_Task details:_
Restate word for word the lines of the entries below, starting with the line that holds "using \<rho> by (rule density_op_eqI)" and ending with the line that holds "define D where", and no others.

(Stored data entries)
lemma small_subfamily_determines_linear_forms:
  fixes w :: "'g \<Rightarrow> 'p \<Rightarrow> complex"
  assumes P: "finite P"
  shows "\<exists>hs. set hs \<subseteq> G \<and> length hs \<le> card P \<and>
    (\<forall>c. (\<forall>h\<in>set hs. (\<Sum>p\<in>P. w h p * c p) = 0) \<longrightarrow> (\<forall>g\<in>G. (\<Sum>p\<in>P. w g p * c p) = 0))"
proof -
  interpret V: vector_space "\<lambda>(a::complex) (f::'p \<Rightarrow> complex) x. a * f x"
    by unfold_locales (simp_all add: fun_eq_iff algebra_simps)
  define v where "v g p = (if p \<in> P then w g p else 0)" for g p
  obtain B where B: "B \<subseteq> v ` G" "V.independent B" "v ` G \<subseteq> V.span B"
    using V.maximal_independent_subset by blast
  define E where "E = (\<lambda>p q. if q = p then 1 else 0 :: complex) ` P"
  have "v g \<in> V.span E" for g
  proof -
    have "v g = (\<Sum>p\<in>P. (\<lambda>q. v g p * (if q = p then 1 else 0)))"
      using P by (auto simp: sum_fun_apply v_def if_distrib[of "\<lambda>a. _ * a"] cong: if_cong)
    also have "\<dots> \<in> V.span E"
      by (intro V.span_sum V.span_scale V.span_base) (auto simp: E_def)
    finally show ?thesis .
  qed
  then have "finite B \<and> card B \<le> card E"
    using B by (intro V.independent_span_bound) (auto simp: E_def P)
  moreover have "card E \<le> card P"
    unfolding E_def using P by (rule card_image_le)
  moreover obtain bs where bs: "set bs = B" "distinct bs"
    using calculation finite_distinct_list by blast
  define hs where "hs = map (inv_into G v) bs"
  ultimately have "set hs \<subseteq> G" "length hs \<le> card P"
    using B(1) bs by (auto simp: hs_def inv_into_into distinct_card[symmetric])
  moreover have "(\<Sum>p\<in>P. w g p * c p) = 0"
    if hs_tests: "\<forall>h\<in>set hs. (\<Sum>p\<in>P. w h p * c p) = 0" and "g \<in> G" for c g
  proof -
    define L where "L f = (\<Sum>p\<in>P. f p * c p)" for f :: "'p \<Rightarrow> complex"
    have L_v: "L (v g) = (\<Sum>p\<in>P. w g p * c p)" for g
      unfolding L_def v_def by (intro sum.cong refl) simp
    have "L 0 = 0" "L (f + f') = L f + L f'" "L (\<lambda>x. a * f x) = a * L f" for f f' a
      by (simp_all add: L_def sum.distrib distrib_right sum_distrib_left mult.assoc)
    then have "V.subspace {f. L f = 0}"
      by (simp add: V.subspace_def)
    moreover have "B \<subseteq> {f. L f = 0}"
    proof
      fix b
      assume "b \<in> B"
      then have b_eq: "v (inv_into G v b) = b" and "inv_into G v b \<in> set hs"
        using B(1) bs(1) by (auto simp: hs_def f_inv_into_f)
      then have "L (v (inv_into G v b)) = 0"
        unfolding L_v using hs_tests by blast
      then show "b \<in> {f. L f = 0}"
        unfolding b_eq by simp
    qed
    ultimately have "V.span B \<subseteq> {f. L f = 0}"
      by (rule V.span_minimal[rotated])
    moreover have "v g \<in> V.span B"
      using B(3) \<open>g \<in> G\<close> by blast
    ultimately have "L (v g) = 0"
      by blast
    then show ?thesis
      by (simp only: L_v)
  qed
  ultimately show ?thesis
    by blast
qed

lemma density_op_eqI:
  assumes \<rho>1: "density_op N M \<rho>1" and \<rho>2: "density_op N M \<rho>2"
    and eq: "\<And>mu mu'. mu \<in> fock N M \<Longrightarrow> mu' \<in> fock N M \<Longrightarrow> \<rho>1 mu mu' = \<rho>2 mu mu'"
  shows "\<rho>1 = \<rho>2"
proof (intro ext)
  fix mu mu'
  show "\<rho>1 mu mu' = \<rho>2 mu mu'"
  proof (cases "mu \<in> fock N M \<and> mu' \<in> fock N M")
    case False
    then have "\<rho>1 mu mu' = 0" and "\<rho>2 mu mu' = 0"
      using \<rho>1 \<rho>2 unfolding density_op_def by blast+
    then show ?thesis
      by simp
  qed (use eq in blast)
qed

lemma fock_single_mode: "fock N 1 = {fock_mode0 N}"
proof (intro equalityI subsetI)
  fix mu
  assume "mu \<in> fock N 1"
  then have "mu l = fock_mode0 N l" for l
    by (cases l) (simp_all add: fock_def fock_mode0_def)
  then show "mu \<in> {fock_mode0 N}"
    by auto
qed (simp add: fock_mode0_in_fock)

lemma reconstructs_single_mode: "reconstructs N 1 []"
  unfolding reconstructs_def
proof (intro allI impI)
  fix \<rho>1 \<rho>2
  assume \<rho>: "density_op N 1 \<rho>1" "density_op N 1 \<rho>2"
  have trace: "\<rho> (fock_mode0 N) (fock_mode0 N) = 1" if "density_op N 1 \<rho>" for \<rho>
  proof -
    have "(\<Sum>mu\<in>fock N 1. \<rho> mu mu) = 1"
      using that unfolding density_op_def by blast
    then show ?thesis
      unfolding fock_single_mode by simp
  qed
  show "\<rho>1 = \<rho>2"
    using \<rho> by (rule density_op_eqI)
      (unfold fock_single_mode, simp add: trace[OF \<rho>(1)] trace[OF \<rho>(2)])
qed

lemma outcome_prob_diff:
  "outcome_prob N M (\<lambda>mu mu'. \<rho>1 mu mu' - \<rho>2 mu mu') g nu
    = outcome_prob N M \<rho>1 g nu - outcome_prob N M \<rho>2 g nu"
  unfolding outcome_prob_def by (simp add: algebra_simps sum_subtractf)

lemma reconstructs_if_tests_determine_mode0_outcomes:
  assumes M: "M \<ge> 1"
    and tests: "\<And>D g. \<forall>h\<in>set gs. outcome_prob N M D h (fock_mode0 N) = 0 \<Longrightarrow> unitary_mat M g
      \<Longrightarrow> outcome_prob N M D g (fock_mode0 N) = 0"
  shows "reconstructs N M gs"
  unfolding reconstructs_def
proof (intro allI impI)
  fix \<rho>1 \<rho>2
  assume \<rho>: "density_op N M \<rho>1" "density_op N M \<rho>2"
    and same: "\<forall>j<length gs. \<forall>nu\<in>fock N M. outcome_prob N M \<rho>1 (gs ! j) nu = outcome_prob N M \<rho>2 (gs ! j) nu"
  define D where "D = (\<lambda>mu mu'. \<rho>1 mu mu' - \<rho>2 mu mu')"
  have "\<forall>h\<in>set gs. outcome_prob N M D h (fock_mode0 N) = 0"
    using same fock_mode0_in_fock[OF M, of N]
    by (auto simp: D_def outcome_prob_diff in_set_conv_nth)
  then have "outcome_prob N M D g (fock_mode0 N) = 0" if "unitary_mat M g" for g
    using that by (rule tests)
  then have "D mu mu' = 0" if "mu \<in> fock N M" "mu' \<in> fock N M" for mu mu'
    using fock_mode0_outcomes_determine_state[OF M _ that] by blast
  then show "\<rho>1 = \<rho>2"
    using \<rho> by (intro density_op_eqI) (auto simp: D_def)
qed

lemma reconstructs_with_few_unitaries:
  assumes M: "M \<ge> 1"
  shows "\<exists>gs. (\<forall>g\<in>set gs. unitary_mat M g) \<and> length gs \<le> (card (fock N M))\<^sup>2 \<and>
    reconstructs N M gs"
proof -
  define F where "F = fock N M"
  define amp where "amp g mu = fock_amp N M g mu (fock_mode0 N)" for g mu
  have outcome_sum: "outcome_prob N M D g (fock_mode0 N)
      = (\<Sum>p\<in>F \<times> F. cnj (amp g (fst p)) * amp g (snd p) * D (fst p) (snd p))" for D g
    unfolding outcome_prob_def amp_def F_def sum.cartesian_product
    by (intro sum.cong refl) (simp add: case_prod_unfold mult_ac)
  obtain gs where gs: "set gs \<subseteq> {g. unitary_mat M g}" "length gs \<le> card (F \<times> F)"
    and determines: "\<And>c. \<forall>h\<in>set gs. (\<Sum>p\<in>F \<times> F. cnj (amp h (fst p)) * amp h (snd p) * c p) = 0
      \<Longrightarrow> \<forall>g\<in>{g. unitary_mat M g}. (\<Sum>p\<in>F \<times> F. cnj (amp g (fst p)) * amp g (snd p) * c p) = 0"
    using small_subfamily_determines_linear_forms[of "F \<times> F" "{g. unitary_mat M g}"
        "\<lambda>g p. cnj (amp g (fst p)) * amp g (snd p)"]
    by (auto simp: F_def finite_fock)
  have "reconstructs N M gs"
    using M by (rule reconstructs_if_tests_determine_mode0_outcomes)
      (use determines in \<open>simp add: outcome_sum\<close>)
  moreover have "card (F \<times> F) = (card (fock N M))\<^sup>2"
    by (simp add: F_def card_cartesian_product power2_eq_square)
  ultimately show ?thesis
    using gs by auto
qed

theorem theorem1:
  fixes N M :: nat
  assumes "N \<ge> 1" and "M \<ge> 1"
  shows "\<exists>gs :: (nat \<Rightarrow> nat \<Rightarrow> complex) list.
           (\<forall>g\<in>set gs. unitary_mat M g) \<and>
           length gs < ((N + M^2 - 1) choose N)^2 \<and>
           reconstructs N M gs"
proof (cases "M = 1")
  case True
  then show ?thesis
    using reconstructs_single_mode[of N] by (intro exI[of _ "[]"]) auto
next
  case False
  then have "M < M^2"
    using assms(2) by (simp add: power2_eq_square)
  then have "(card (fock N M))\<^sup>2 < ((N + M^2 - 1) choose N)^2"
    using card_fock_strict_mono[OF assms(1)] card_fock by (simp add: power_strict_mono)
  moreover obtain gs where "\<forall>g\<in>set gs. unitary_mat M g" "length gs \<le> (card (fock N M))\<^sup>2"
    "reconstructs N M gs"
    using reconstructs_with_few_unitaries[OF assms(2)] by blast
  ultimately show ?thesis
    by (meson le_less_trans)
qed

end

_Answer to the exercise:_
    using \<rho> by (rule density_op_eqI)
      (unfold fock_single_mode, simp add: trace[OF \<rho>(1)] trace[OF \<rho>(2)])
qed

lemma outcome_prob_diff:
  "outcome_prob N M (\<lambda>mu mu'. \<rho>1 mu mu' - \<rho>2 mu mu') g nu
    = outcome_prob N M \<rho>1 g nu - outcome_prob N M \<rho>2 g nu"
  unfolding outcome_prob_def by (simp add: algebra_simps sum_subtractf)

lemma reconstructs_if_tests_determine_mode0_outcomes:
  assumes M: "M \<ge> 1"
    and tests: "\<And>D g. \<forall>h\<in>set gs. outcome_prob N M D h (fock_mode0 N) = 0 \<Longrightarrow> unitary_mat M g
      \<Longrightarrow> outcome_prob N M D g (fock_mode0 N) = 0"
  shows "reconstructs N M gs"
  unfolding reconstructs_def
proof (intro allI impI)
  fix \<rho>1 \<rho>2
  assume \<rho>: "density_op N M \<rho>1" "density_op N M \<rho>2"
    and same: "\<forall>j<length gs. \<forall>nu\<in>fock N M. outcome_prob N M \<rho>1 (gs ! j) nu = outcome_prob N M \<rho>2 (gs ! j) nu"
  define D where "D = (\<lambda>mu mu'. \<rho>1 mu mu' - \<rho>2 mu mu')"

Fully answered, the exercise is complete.